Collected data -
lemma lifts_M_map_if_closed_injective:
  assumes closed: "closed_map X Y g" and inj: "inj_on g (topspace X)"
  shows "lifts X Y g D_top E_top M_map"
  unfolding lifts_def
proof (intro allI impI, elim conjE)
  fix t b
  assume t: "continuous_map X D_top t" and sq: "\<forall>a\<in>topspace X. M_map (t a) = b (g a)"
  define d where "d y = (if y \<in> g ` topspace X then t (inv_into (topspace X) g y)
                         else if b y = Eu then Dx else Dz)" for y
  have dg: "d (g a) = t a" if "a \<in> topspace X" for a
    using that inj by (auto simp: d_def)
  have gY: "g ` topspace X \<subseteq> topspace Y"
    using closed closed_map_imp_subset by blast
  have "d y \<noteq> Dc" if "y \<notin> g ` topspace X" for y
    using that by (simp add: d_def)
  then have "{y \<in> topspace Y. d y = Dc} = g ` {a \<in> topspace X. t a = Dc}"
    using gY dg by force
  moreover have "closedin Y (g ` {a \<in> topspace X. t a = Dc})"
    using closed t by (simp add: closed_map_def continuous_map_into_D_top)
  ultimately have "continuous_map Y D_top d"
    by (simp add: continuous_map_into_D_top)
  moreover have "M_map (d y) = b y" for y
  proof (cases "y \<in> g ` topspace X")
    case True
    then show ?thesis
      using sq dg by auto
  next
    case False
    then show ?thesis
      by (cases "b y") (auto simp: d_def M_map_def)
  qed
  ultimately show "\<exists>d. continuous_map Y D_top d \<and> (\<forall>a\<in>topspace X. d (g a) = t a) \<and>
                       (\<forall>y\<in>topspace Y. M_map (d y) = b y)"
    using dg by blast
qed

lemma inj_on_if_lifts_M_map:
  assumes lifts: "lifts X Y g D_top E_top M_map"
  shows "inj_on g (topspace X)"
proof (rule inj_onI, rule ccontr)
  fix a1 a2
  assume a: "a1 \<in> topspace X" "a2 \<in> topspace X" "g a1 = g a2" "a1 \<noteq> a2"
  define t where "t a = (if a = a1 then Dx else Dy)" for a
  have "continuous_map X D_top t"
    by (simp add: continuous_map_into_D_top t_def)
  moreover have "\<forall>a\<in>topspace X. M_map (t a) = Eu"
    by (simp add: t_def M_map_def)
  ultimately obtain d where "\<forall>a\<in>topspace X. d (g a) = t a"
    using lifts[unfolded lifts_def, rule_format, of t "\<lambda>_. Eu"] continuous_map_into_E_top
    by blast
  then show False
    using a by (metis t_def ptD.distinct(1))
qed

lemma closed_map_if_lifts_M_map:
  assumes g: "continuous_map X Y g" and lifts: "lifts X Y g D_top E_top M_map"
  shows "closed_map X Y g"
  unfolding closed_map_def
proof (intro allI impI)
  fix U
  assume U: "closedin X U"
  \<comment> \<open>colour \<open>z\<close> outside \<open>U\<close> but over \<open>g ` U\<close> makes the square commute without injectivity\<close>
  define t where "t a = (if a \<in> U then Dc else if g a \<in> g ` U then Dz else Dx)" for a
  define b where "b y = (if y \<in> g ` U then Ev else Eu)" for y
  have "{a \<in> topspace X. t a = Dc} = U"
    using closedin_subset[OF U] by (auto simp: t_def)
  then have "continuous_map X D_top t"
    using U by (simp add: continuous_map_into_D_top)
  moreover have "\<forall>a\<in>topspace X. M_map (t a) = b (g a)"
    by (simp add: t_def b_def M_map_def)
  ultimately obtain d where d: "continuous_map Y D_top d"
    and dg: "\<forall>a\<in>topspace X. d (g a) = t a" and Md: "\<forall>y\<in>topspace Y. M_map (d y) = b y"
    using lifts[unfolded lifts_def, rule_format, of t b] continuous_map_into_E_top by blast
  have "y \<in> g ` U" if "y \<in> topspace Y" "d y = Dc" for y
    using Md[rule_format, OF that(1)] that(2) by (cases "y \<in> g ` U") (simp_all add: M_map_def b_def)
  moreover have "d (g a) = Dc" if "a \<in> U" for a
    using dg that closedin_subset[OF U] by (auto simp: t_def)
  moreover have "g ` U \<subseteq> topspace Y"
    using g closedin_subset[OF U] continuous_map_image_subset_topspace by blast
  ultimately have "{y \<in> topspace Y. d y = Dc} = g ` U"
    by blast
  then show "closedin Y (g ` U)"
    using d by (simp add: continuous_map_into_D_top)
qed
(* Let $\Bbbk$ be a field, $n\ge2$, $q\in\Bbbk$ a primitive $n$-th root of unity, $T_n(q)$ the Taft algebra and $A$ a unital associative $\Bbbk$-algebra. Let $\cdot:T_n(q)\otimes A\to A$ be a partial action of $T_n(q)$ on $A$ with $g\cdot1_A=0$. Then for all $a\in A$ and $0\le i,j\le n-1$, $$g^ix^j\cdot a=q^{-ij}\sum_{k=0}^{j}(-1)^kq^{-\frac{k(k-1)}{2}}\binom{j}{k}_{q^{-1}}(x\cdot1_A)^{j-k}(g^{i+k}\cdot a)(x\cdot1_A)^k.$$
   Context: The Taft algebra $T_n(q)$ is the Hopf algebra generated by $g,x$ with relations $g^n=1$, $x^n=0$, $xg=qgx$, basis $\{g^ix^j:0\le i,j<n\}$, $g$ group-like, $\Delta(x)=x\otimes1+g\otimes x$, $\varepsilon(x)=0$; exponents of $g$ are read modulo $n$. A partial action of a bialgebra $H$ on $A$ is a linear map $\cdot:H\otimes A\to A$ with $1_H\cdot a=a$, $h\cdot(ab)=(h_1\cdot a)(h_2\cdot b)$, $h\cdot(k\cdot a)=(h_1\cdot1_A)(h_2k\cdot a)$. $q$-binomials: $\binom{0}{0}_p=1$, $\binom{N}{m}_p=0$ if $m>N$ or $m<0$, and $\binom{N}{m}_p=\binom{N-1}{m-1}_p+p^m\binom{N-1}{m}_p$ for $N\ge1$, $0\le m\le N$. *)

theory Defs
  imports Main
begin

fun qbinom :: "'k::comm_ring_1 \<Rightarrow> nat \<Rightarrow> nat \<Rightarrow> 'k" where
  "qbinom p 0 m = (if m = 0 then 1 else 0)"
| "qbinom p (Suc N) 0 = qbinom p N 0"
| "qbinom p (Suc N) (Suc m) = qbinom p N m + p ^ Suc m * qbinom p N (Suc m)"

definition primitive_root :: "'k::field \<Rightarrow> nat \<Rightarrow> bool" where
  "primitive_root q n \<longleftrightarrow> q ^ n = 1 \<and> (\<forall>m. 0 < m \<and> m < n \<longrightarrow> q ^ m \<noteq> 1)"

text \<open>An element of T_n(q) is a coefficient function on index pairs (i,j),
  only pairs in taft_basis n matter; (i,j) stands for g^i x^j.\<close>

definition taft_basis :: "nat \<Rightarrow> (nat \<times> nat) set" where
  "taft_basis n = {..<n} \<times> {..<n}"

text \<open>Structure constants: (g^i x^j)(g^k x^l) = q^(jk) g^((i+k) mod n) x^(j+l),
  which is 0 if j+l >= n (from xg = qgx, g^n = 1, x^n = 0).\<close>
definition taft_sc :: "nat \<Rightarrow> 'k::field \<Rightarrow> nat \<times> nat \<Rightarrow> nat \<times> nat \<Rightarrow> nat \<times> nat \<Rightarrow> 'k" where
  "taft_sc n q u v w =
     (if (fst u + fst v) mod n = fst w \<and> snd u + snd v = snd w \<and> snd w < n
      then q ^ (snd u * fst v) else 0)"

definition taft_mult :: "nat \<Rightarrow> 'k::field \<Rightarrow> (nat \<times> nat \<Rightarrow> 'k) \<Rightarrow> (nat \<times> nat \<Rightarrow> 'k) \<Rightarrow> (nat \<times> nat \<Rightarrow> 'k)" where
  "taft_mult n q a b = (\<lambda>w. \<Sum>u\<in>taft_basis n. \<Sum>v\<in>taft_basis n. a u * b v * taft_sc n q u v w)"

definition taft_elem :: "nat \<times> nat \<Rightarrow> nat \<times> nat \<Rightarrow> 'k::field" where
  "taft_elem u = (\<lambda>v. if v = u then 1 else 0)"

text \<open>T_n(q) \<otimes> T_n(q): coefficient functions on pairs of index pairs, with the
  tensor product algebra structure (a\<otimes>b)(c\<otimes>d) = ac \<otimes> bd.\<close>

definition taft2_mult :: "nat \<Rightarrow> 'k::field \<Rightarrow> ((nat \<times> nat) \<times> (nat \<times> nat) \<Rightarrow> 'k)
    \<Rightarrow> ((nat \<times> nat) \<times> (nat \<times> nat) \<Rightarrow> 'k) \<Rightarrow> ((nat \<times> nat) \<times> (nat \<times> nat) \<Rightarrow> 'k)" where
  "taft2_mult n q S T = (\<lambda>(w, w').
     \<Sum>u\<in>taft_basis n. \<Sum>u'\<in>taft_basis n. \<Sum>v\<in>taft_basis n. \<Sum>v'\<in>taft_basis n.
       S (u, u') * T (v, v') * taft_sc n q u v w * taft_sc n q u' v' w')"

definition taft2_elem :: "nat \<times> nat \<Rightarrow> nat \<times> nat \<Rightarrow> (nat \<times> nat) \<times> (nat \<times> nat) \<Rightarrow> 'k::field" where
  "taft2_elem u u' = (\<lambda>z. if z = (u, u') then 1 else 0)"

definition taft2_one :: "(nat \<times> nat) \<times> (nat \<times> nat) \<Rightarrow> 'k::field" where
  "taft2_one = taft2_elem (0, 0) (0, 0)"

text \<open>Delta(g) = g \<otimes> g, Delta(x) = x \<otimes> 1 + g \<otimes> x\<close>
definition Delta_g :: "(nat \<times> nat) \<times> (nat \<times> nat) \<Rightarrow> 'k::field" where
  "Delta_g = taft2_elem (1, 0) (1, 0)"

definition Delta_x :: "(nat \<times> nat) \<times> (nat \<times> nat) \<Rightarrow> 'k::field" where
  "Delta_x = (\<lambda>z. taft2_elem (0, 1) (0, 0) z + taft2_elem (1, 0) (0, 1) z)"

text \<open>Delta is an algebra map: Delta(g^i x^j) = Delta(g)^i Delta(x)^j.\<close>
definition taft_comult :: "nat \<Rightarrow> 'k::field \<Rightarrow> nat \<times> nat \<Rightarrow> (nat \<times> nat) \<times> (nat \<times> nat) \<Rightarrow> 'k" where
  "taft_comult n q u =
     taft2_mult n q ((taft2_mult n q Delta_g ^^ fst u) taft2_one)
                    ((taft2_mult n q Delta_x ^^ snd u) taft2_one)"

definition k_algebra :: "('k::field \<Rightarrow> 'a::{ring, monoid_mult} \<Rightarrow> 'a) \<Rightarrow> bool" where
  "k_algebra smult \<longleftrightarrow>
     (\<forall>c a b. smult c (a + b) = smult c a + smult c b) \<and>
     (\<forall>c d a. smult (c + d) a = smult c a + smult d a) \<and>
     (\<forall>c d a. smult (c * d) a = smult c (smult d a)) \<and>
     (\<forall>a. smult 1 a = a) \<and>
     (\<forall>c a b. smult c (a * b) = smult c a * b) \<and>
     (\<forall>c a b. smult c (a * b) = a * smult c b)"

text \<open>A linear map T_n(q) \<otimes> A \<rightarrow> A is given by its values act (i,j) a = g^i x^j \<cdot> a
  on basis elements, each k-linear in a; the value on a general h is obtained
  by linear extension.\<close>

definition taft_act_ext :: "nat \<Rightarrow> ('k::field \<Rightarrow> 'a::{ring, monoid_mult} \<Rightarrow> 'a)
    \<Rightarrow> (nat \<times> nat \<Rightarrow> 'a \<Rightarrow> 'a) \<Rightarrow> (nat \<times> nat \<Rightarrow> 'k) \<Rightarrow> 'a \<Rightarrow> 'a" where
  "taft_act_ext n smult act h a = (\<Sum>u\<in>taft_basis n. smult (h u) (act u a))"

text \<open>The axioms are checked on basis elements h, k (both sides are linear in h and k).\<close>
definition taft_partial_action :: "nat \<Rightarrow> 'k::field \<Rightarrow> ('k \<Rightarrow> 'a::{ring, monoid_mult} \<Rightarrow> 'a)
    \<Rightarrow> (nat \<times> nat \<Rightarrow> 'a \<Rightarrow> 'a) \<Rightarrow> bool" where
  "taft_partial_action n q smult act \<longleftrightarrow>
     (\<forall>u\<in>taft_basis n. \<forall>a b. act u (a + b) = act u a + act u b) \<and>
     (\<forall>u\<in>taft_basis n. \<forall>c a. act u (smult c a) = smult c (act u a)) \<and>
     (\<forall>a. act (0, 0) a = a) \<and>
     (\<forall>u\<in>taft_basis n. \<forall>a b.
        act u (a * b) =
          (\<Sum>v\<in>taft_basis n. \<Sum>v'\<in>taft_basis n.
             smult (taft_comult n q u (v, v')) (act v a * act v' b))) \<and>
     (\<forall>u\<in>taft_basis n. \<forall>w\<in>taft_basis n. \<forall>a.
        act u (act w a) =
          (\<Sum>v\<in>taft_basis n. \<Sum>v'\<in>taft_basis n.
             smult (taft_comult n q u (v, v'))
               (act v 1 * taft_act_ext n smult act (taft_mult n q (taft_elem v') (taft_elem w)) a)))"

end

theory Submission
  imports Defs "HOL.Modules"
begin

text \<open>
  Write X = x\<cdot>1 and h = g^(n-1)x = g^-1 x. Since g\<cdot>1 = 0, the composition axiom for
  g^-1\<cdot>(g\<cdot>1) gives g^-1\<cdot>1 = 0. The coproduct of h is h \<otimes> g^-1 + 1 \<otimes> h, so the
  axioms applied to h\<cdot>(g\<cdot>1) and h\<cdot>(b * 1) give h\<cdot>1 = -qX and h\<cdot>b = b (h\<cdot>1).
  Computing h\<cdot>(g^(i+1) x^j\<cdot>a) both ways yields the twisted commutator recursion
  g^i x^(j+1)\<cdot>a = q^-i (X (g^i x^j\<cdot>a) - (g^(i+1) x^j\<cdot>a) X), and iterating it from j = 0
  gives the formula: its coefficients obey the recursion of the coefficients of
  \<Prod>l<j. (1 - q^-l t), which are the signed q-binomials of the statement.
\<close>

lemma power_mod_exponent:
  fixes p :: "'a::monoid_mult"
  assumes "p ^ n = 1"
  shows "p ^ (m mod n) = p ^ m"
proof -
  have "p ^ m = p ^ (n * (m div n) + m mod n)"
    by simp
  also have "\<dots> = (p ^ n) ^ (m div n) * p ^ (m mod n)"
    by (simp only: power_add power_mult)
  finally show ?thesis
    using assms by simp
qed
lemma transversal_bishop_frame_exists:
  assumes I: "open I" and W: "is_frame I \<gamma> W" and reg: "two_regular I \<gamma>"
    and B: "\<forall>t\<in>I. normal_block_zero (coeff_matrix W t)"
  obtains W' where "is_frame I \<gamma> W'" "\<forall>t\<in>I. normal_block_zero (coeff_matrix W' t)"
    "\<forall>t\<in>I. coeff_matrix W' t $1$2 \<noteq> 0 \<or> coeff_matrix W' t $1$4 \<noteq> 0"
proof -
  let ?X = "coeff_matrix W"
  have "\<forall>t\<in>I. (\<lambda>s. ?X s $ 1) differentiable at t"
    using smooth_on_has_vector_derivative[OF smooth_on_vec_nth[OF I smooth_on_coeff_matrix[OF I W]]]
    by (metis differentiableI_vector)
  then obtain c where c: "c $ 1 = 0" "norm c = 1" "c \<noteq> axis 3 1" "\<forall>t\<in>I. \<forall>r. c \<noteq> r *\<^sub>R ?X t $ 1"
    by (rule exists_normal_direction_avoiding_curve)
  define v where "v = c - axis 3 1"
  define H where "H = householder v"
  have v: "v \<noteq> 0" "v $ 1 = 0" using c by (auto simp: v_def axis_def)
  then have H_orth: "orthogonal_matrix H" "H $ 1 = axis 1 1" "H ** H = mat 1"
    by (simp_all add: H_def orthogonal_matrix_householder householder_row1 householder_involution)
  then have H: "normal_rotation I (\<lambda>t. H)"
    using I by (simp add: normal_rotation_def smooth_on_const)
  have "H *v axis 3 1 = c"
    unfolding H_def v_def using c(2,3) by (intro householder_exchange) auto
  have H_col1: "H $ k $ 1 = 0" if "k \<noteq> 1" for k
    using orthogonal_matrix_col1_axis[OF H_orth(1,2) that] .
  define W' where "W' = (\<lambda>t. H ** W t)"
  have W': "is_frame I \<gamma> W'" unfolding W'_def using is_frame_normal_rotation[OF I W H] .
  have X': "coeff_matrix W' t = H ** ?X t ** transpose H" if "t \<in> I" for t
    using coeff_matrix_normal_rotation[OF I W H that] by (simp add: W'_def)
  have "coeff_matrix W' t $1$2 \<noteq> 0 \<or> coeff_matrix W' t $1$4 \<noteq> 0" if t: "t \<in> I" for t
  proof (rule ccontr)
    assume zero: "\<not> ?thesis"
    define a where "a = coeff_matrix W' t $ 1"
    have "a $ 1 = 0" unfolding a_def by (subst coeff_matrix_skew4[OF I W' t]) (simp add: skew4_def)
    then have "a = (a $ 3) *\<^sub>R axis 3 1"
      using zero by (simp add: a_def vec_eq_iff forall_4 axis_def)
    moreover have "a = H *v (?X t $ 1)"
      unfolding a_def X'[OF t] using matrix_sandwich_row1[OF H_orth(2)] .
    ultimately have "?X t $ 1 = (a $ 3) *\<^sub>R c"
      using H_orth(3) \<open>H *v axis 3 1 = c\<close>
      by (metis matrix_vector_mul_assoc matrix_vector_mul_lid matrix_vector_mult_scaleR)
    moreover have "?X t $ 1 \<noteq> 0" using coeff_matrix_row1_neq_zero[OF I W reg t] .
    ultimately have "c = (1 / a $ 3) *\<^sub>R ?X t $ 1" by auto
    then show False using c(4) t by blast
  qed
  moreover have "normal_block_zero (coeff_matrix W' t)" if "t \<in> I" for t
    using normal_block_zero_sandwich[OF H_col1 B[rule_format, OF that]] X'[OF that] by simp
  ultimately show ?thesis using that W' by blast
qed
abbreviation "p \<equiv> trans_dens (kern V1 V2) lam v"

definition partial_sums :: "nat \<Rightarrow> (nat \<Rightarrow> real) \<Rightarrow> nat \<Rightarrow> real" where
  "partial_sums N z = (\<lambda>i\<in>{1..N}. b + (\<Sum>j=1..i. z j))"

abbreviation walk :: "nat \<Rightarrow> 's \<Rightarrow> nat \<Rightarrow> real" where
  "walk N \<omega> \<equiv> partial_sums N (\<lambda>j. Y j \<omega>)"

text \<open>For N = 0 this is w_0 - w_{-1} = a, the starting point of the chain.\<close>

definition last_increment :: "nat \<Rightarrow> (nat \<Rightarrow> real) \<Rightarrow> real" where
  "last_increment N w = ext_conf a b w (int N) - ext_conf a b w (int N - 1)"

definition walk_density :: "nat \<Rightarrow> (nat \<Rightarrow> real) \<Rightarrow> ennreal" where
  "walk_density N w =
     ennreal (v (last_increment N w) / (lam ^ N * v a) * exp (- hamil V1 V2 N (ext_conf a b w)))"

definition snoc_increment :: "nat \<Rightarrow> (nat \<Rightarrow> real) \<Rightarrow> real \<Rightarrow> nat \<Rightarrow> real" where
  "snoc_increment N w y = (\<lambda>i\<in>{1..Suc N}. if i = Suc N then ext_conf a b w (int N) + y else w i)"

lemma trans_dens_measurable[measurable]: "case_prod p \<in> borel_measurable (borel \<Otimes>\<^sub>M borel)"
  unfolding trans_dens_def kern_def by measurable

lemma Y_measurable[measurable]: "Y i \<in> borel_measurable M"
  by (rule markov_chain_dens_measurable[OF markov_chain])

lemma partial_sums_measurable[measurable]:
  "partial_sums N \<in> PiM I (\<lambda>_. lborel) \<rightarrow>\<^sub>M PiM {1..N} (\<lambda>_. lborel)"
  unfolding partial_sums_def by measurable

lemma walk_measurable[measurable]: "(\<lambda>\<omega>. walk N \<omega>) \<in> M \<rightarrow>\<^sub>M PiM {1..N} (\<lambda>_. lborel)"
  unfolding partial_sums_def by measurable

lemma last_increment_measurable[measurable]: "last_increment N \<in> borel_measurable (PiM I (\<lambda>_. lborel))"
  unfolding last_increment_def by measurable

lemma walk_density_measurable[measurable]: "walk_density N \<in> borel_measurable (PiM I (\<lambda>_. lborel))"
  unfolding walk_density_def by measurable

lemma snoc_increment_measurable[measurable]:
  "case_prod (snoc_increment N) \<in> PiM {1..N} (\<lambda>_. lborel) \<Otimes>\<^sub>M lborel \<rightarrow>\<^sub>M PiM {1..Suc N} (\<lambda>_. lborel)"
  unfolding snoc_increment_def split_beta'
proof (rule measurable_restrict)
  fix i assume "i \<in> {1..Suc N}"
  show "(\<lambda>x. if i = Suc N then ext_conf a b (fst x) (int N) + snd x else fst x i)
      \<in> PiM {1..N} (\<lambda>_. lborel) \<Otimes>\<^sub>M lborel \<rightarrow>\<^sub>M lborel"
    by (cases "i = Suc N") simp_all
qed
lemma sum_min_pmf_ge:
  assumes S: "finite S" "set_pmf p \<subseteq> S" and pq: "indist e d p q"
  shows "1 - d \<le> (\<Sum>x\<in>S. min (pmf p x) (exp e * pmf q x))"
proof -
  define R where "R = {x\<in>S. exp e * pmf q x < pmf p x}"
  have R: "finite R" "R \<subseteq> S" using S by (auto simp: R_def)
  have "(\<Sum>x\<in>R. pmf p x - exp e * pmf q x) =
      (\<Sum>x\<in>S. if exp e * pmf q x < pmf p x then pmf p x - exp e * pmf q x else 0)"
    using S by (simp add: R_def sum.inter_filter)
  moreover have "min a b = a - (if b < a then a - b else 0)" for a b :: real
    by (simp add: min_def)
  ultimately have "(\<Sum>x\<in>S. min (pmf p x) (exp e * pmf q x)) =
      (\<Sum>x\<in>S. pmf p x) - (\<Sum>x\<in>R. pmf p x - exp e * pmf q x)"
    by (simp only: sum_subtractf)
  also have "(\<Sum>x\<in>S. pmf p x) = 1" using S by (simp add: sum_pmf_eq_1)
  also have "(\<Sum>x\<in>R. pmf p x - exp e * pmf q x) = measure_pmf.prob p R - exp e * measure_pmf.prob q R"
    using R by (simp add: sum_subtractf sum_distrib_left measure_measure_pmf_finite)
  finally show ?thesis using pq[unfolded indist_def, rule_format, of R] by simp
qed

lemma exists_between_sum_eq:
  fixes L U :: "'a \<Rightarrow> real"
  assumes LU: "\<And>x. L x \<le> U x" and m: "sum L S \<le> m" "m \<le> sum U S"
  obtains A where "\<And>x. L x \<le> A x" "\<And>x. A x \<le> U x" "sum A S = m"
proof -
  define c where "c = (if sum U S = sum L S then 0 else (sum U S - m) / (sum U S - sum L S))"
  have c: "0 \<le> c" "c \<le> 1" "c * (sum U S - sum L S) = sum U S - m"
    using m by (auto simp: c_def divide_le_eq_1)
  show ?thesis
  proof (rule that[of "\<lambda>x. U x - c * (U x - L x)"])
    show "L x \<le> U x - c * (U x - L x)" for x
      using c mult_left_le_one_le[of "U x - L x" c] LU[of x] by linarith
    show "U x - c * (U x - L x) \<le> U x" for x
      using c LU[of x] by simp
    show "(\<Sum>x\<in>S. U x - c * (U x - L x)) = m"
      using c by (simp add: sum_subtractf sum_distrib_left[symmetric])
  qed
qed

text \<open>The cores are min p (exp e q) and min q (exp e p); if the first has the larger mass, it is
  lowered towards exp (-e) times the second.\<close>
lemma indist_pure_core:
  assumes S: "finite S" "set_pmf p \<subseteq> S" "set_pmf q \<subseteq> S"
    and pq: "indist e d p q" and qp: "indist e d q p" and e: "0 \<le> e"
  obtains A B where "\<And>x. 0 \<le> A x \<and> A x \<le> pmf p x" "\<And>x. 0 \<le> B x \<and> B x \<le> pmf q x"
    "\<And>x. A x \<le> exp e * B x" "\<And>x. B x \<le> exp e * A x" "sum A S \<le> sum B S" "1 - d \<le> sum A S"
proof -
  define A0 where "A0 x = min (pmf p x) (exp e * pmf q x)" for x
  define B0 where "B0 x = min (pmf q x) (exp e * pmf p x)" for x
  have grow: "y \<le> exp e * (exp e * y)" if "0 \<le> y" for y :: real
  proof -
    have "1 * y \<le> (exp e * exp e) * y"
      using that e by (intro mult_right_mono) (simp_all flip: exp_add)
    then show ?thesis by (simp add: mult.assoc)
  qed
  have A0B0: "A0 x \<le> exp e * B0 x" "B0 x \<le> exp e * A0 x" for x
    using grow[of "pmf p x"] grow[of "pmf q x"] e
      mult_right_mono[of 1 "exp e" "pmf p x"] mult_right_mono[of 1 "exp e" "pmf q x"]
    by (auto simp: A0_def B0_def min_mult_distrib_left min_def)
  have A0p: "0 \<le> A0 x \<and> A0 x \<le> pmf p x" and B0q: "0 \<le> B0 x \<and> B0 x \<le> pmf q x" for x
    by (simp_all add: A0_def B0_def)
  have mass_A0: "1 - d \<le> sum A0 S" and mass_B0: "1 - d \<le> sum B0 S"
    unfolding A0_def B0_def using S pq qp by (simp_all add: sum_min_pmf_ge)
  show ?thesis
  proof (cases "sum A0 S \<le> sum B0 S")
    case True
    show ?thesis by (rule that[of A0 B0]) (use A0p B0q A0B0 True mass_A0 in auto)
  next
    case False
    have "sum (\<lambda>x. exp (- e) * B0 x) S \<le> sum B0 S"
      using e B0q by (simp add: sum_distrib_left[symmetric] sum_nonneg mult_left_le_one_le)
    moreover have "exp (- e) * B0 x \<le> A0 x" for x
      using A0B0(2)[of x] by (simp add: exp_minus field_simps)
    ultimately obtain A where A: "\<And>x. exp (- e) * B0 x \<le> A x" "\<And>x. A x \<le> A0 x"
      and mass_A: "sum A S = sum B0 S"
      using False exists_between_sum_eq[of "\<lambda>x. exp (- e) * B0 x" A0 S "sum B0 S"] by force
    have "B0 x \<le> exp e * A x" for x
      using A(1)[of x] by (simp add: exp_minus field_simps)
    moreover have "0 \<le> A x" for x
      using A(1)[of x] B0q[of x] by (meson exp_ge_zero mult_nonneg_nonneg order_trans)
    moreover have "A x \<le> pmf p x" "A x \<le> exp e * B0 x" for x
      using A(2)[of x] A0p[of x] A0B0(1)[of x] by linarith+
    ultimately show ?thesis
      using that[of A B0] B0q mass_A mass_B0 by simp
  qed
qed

What needs to be done - In the entries above, count each line holding "thesis" and report the total and nothing more.

Answer below - 11